If you can’t see the image, these are the steps you should follow to commit a common FAIL in statistics:
- Look at data.
- make a hypothesis based upon what you’ve observed.
- Run standard statistical tests as if you have chosen your hypothesis independent of the data.
- Publish your paper without mention of step #2 (i.e., that your analysis was data-dependent).
While not all statistics fails are of this kind, many are. The replication crisis is in part built upon this problem: see Gelman and Loken’s article:
Unwelcome though it may be, the important moral of the story is that the statistically significant p-value cannot be taken at face value — even if it is associated with a comparison that is consistent with an existing theory.

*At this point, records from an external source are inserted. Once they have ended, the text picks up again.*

(* Let $a_0,\dots,a_N\in\mathbb{Q}$ and $r,d\in\mathbb{N}$ with $r\le N$, let $m=(r+1)(d+1)$, and let $M=(A\odot B_d\,|\,A\odot B_{d-1}\,|\,\cdots\,|\,A\odot B_0)\in\mathbb{Q}^{(N-r+1)\times m}$, with $A$, $B_j$, $\odot$ as in the context. Consider the following procedure (Algorithm 2). (1) Choose a prime $p$ and set $q=p$. (2) Compute a row-reduced basis $V$ of $\ker M \bmod p$ (i.e. of the kernel of the reduction of $M$ modulo $p$ over $\mathbb{F}_p$, the matrix with rows the elements of $V$ being in reduced row echelon form; entries are represented by integers in $\{0,\dots,p-1\}$). (3) If $V=\emptyset$, return "no recurrence found". (4) Repeat: choose a new prime $p$ (different from all primes used before) and compute a row-reduced basis $W$ of $\ker M \bmod p$; combine $V$ and $W$ entrywise by Chinese remaindering into a set $V$ of vectors in $\mathbb{Z}^m$ such that the lattice generated by $V\cup\{pq e_1,\dots,pq e_m\}$ equals $\{w\in\mathbb{Z}^m : Mw\equiv 0 \bmod pq\}$, and set $q:=pq$; apply the LLL algorithm to $V\cup\{qe_1,\dots,qe_m\}$ (where $e_i$ is the $i$th unit vector of $\mathbb{Z}^m$) and let $w$ be the first vector of the output; stop repeating as soon as $Mw=0$ and $w\neq 0$ (i.e. the recurrence $\sum_{i,j}c_{i,j}b_j(n)a_{n+i}=0$ with coefficient vector $w$ is valid on the given data). (5) Return the recurrence corresponding to $w$. Assume that every prime used does not divide any denominator of an entry of $M$ and that the rank of $M$ modulo each such prime equals the rank of $M$ over $\mathbb{Q}$. Then the procedure terminates, and if it returns a recurrence, the returned coefficient vector $w\in\mathbb{Z}^m$ is a nonzero element of $\ker_{\mathbb{Z}}M$, i.e. the corresponding recurrence of order $r$ and degree $d$ holds for $n=0,\dots,N-r$.
   Context: Fix a $\mathbb{Q}$-basis $b_0,b_1,\dots$ of $\mathbb{Q}[x]$ such that for every $j$, $b_0,\dots,b_j$ span the polynomials of degree at most $j$. For given $a_0,\dots,a_N\in\mathbb{Q}$ and $r\le N$, $A\in\mathbb{Q}^{(N-r+1)\times(r+1)}$ is the matrix with entry $a_{i+s}$ in row $i$ and column $s$ ($0\le i\le N-r$, $0\le s\le r$), and $B_j\in\mathbb{Q}^{(N-r+1)\times(r+1)}$ is the matrix whose row $i$ has all entries equal to $b_j(i)$. $M_1\odot M_2$ denotes the entrywise product. A vector $c\in\mathbb{Q}^{(r+1)(d+1)}$, split into blocks of length $r+1$ for $j=d,d-1,\dots,0$ with entries $c_{0,j},\dots,c_{r,j}$, corresponds to the recurrence $\sum_{i=0}^r\sum_{j=0}^d c_{i,j}b_j(n)a_{n+i}=0$; it holds on the data iff $Mc=0$. For a rational matrix $M$ with $m$ columns, $\ker_{\mathbb{Z}}M=\{x\in\mathbb{Z}^m: Mx=0\}$. LLL is the Lenstra–Lenstra–Lovász lattice reduction algorithm; it returns a basis of the input lattice whose first vector has Euclidean length at most $2^{m}$ times the length of a shortest nonzero vector of the lattice. *)

theory Defs
  imports "HOL-Computational_Algebra.Polynomial" "HOL-Computational_Algebra.Primes"
begin

text \<open>The matrix M = (A .* B_d | ... | A .* B_0): column t lies in block t div (r+1),
which corresponds to j = d - t div (r+1), and has s = t mod (r+1).\<close>
definition recM :: "(nat \<Rightarrow> rat) \<Rightarrow> (nat \<Rightarrow> rat poly) \<Rightarrow> nat \<Rightarrow> nat \<Rightarrow> nat \<Rightarrow> nat \<Rightarrow> rat" where
  "recM a b r d i t = a (i + t mod (r+1)) * poly (b (d - t div (r+1))) (of_nat i)"

definition mat_vec :: "(nat \<Rightarrow> nat \<Rightarrow> rat) \<Rightarrow> nat \<Rightarrow> int list \<Rightarrow> nat \<Rightarrow> rat" where
  "mat_vec M m w i = (\<Sum>t<m. M i t * of_int (w ! t))"

definition in_ker :: "(nat \<Rightarrow> nat \<Rightarrow> rat) \<Rightarrow> nat \<Rightarrow> nat \<Rightarrow> int list \<Rightarrow> bool" where
  "in_ker M n m w \<longleftrightarrow> length w = m \<and> (\<forall>i<n. mat_vec M m w i = 0)"

definition rat_cong0 :: "int \<Rightarrow> rat \<Rightarrow> bool" where
  "rat_cong0 q x \<longleftrightarrow> (\<exists>u v. v > 0 \<and> coprime v q \<and> q dvd u \<and> x = of_int u / of_int v)"

definition cong_ker :: "(nat \<Rightarrow> nat \<Rightarrow> rat) \<Rightarrow> nat \<Rightarrow> nat \<Rightarrow> int \<Rightarrow> int list \<Rightarrow> bool" where
  "cong_ker M n m q w \<longleftrightarrow> length w = m \<and> (\<forall>i<n. rat_cong0 q (mat_vec M m w i))"

text \<open>ker M mod p is not the zero space (equivalently its row-reduced basis V is nonempty)\<close>
definition kernel_mod_nontrivial :: "(nat \<Rightarrow> nat \<Rightarrow> rat) \<Rightarrow> nat \<Rightarrow> nat \<Rightarrow> int \<Rightarrow> bool" where
  "kernel_mod_nontrivial M n m p \<longleftrightarrow> (\<exists>w. cong_ker M n m p w \<and> \<not> (\<forall>t<m. p dvd w ! t))"

definition rows_indep_Q :: "(nat \<Rightarrow> nat \<Rightarrow> rat) \<Rightarrow> nat \<Rightarrow> nat set \<Rightarrow> bool" where
  "rows_indep_Q M m I \<longleftrightarrow>
     (\<forall>c :: nat \<Rightarrow> rat. (\<forall>t<m. (\<Sum>i\<in>I. c i * M i t) = 0) \<longrightarrow> (\<forall>i\<in>I. c i = 0))"

definition rank_Q :: "(nat \<Rightarrow> nat \<Rightarrow> rat) \<Rightarrow> nat \<Rightarrow> nat \<Rightarrow> nat" where
  "rank_Q M n m = Max {card I | I. I \<subseteq> {..<n} \<and> rows_indep_Q M m I}"

definition rows_indep_mod :: "int \<Rightarrow> (nat \<Rightarrow> nat \<Rightarrow> rat) \<Rightarrow> nat \<Rightarrow> nat set \<Rightarrow> bool" where
  "rows_indep_mod p M m I \<longleftrightarrow>
     (\<forall>c :: nat \<Rightarrow> int. (\<forall>t<m. rat_cong0 p (\<Sum>i\<in>I. of_int (c i) * M i t)) \<longrightarrow> (\<forall>i\<in>I. p dvd c i))"

definition rank_mod :: "int \<Rightarrow> (nat \<Rightarrow> nat \<Rightarrow> rat) \<Rightarrow> nat \<Rightarrow> nat \<Rightarrow> nat" where
  "rank_mod p M n m = Max {card I | I. I \<subseteq> {..<n} \<and> rows_indep_mod p M m I}"

definition lattice_of :: "nat \<Rightarrow> int list list \<Rightarrow> int list set" where
  "lattice_of m S = {v. length v = m \<and>
     (\<exists>c :: nat \<Rightarrow> int. \<forall>t<m. v ! t = (\<Sum>i<length S. c i * (S ! i) ! t))}"

definition int_lin_indep :: "nat \<Rightarrow> int list list \<Rightarrow> bool" where
  "int_lin_indep m S \<longleftrightarrow>
     (\<forall>c :: nat \<Rightarrow> int. (\<forall>t<m. (\<Sum>i<length S. c i * (S ! i) ! t) = 0) \<longrightarrow> (\<forall>i<length S. c i = 0))"

definition sqnorm :: "int list \<Rightarrow> int" where
  "sqnorm v = (\<Sum>x\<leftarrow>v. x ^ 2)"

definition unitvec :: "nat \<Rightarrow> int \<Rightarrow> nat \<Rightarrow> int list" where
  "unitvec m q i = map (\<lambda>t. if t = i then q else 0) [0..<m]"

text \<open>Specification of LLL in dimension m: returns a basis of the input lattice whose
  first vector has length at most 2^m times that of a shortest nonzero lattice vector
  (stated with squared norms: sqnorm \<le> 4^m * sqnorm).\<close>
definition lll_spec :: "nat \<Rightarrow> (int list list \<Rightarrow> int list list) \<Rightarrow> bool" where
  "lll_spec m lll \<longleftrightarrow> (\<forall>S. (\<forall>s\<in>set S. length s = m) \<longrightarrow>
      (\<forall>s\<in>set (lll S). length s = m) \<and>
      lattice_of m (lll S) = lattice_of m S \<and>
      int_lin_indep m (lll S) \<and>
      (lll S \<noteq> [] \<longrightarrow>
         (\<forall>v\<in>lattice_of m S. v \<noteq> replicate m 0 \<longrightarrow> sqnorm (hd (lll S)) \<le> 4 ^ m * sqnorm v)))"

end

theory Submission imports Defs begin

text \<open>A nonzero kernel of M modulo p forces rank M mod p < m, hence rank M < m over \<rat>,
  so \<open>ker\<^sub>\<int> M\<close> contains a nonzero vector \<open>v\<^sub>0\<close>. Since \<open>v\<^sub>0\<close> lies in every lattice
  \<open>{w. M w \<equiv> 0 mod q}\<close>, LLL returns a nonzero \<open>w\<close> in that lattice with
  \<open>\<parallel>w\<parallel>\<^sup>2 \<le> 4\<^sup>m \<parallel>v\<^sub>0\<parallel>\<^sup>2\<close>, a bound independent of \<open>q\<close>. After clearing the denominators
  of M, the entries of M w become integers that are divisible by \<open>q\<close> and bounded independently
  of \<open>q\<close>; as soon as the product \<open>q\<close> of the primes used exceeds that bound, M w = 0.\<close>

lemma not_dvd_mult_if_zero_or_prime_elem:
  fixes p :: "'a::idom"
  assumes "p = 0 \<or> prime_elem p" "\<not> p dvd a" "\<not> p dvd b"
  shows "\<not> p dvd a * b"
  using assms by (auto simp: prime_elem_dvd_mult_iff)

lemma exists_dependence_mod:
  fixes p :: "'a::idom" and v :: "'i \<Rightarrow> 'j \<Rightarrow> 'a"
  assumes p: "p = 0 \<or> prime_elem p"
    and "finite T" "finite S" "card T < card S"
  shows "\<exists>c. (\<exists>i\<in>S. \<not> p dvd c i) \<and> (\<forall>t\<in>T. p dvd (\<Sum>i\<in>S. c i * v i t))"
  using assms(2-4)
proof (induction T arbitrary: S v rule: finite_induct)
  case empty
  then obtain i0 where "i0 \<in> S" by fastforce
  moreover have "\<not> p dvd 1" using p by (auto simp: prime_elem_def)
  ultimately show ?case by (intro exI[of _ "\<lambda>i. if i = i0 then 1 else 0"]) auto
next
  case (insert x T)
  show ?case
  proof (cases "\<forall>i\<in>S. p dvd v i x")
    case True
    from insert have "card T < card S" by auto
    with insert.IH[OF insert.prems(1)] obtain c where
      c: "\<exists>i\<in>S. \<not> p dvd c i" "\<forall>t\<in>T. p dvd (\<Sum>i\<in>S. c i * v i t)" by blast
    have "p dvd (\<Sum>i\<in>S. c i * v i x)" using True by (intro dvd_sum) auto
    with c show ?thesis by auto
  next
    case False
    then obtain j where j: "j \<in> S" "\<not> p dvd v j x" by blast
    \<comment> \<open>Eliminate coordinate x using the pivot j, whose x-entry is nonzero mod p.\<close>
    define u where "u i t = v j x * v i t - v i x * v j t" for i t
    have "card T < card (S - {j})" using insert j by auto
    with insert.IH[of "S - {j}" u] insert.prems obtain c' where
      c': "\<exists>i\<in>S-{j}. \<not> p dvd c' i" "\<forall>t\<in>T. p dvd (\<Sum>i\<in>S-{j}. c' i * u i t)" by auto
    define c where "c i = (if i = j then -(\<Sum>l\<in>S-{j}. c' l * v l x) else v j x * c' i)" for i
    have eq: "(\<Sum>i\<in>S. c i * v i t) = (\<Sum>i\<in>S-{j}. c' i * u i t)" for t
    proof -
      have "(\<Sum>i\<in>S. c i * v i t) = c j * v j t + (\<Sum>i\<in>S-{j}. c i * v i t)"
        using j insert.prems by (simp add: sum.remove)
      also have "(\<Sum>i\<in>S-{j}. c i * v i t) = (\<Sum>i\<in>S-{j}. v j x * c' i * v i t)"
        by (intro sum.cong) (auto simp: c_def)
      also have "c j * v j t = -(\<Sum>l\<in>S-{j}. c' l * v l x * v j t)"
        by (simp add: c_def sum_distrib_right)
      finally show ?thesis
        by (simp add: u_def algebra_simps sum_subtractf sum.distrib[symmetric])
    qed
    have "u i x = 0" for i by (simp add: u_def)
    moreover from c'(1) obtain i where "i \<in> S - {j}" "\<not> p dvd c' i" by blast
    then have "\<exists>i\<in>S. \<not> p dvd c i"
      using not_dvd_mult_if_zero_or_prime_elem[OF p j(2)] by (auto simp: c_def intro!: bexI[of _ i])
    ultimately show ?thesis using c'(2) by (auto simp: eq)
  qed
qed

The problem is not p-values in-themselves. They are just a tool. And while we can argue over whether it is the right tool for the job, that would miss the point here: lack of openness in the process of science leads to misleading, even outright false claims being taken as “truth” by those of us reading the papers later.
Often, researchers are NOT doing this consciously! They are simply falling prey to the downsides of a bad method they are hardly aware they are using.
Openness and transparency about every step of the process is the key. Data-dependent analysis is sometimes appropriate, but readers should know how the process was conducted end-to-end. This is similar to the push for good documentation in computer programming so that the next person isn’t totally lost when reading your code. Science, like programming, is algorithmic — it’s a process. The more documentation we have of how each step was taken, the better.
Nothing in science should be taken at face-value. That goes for the entire process, not just p-values.
Now go lift something heavy,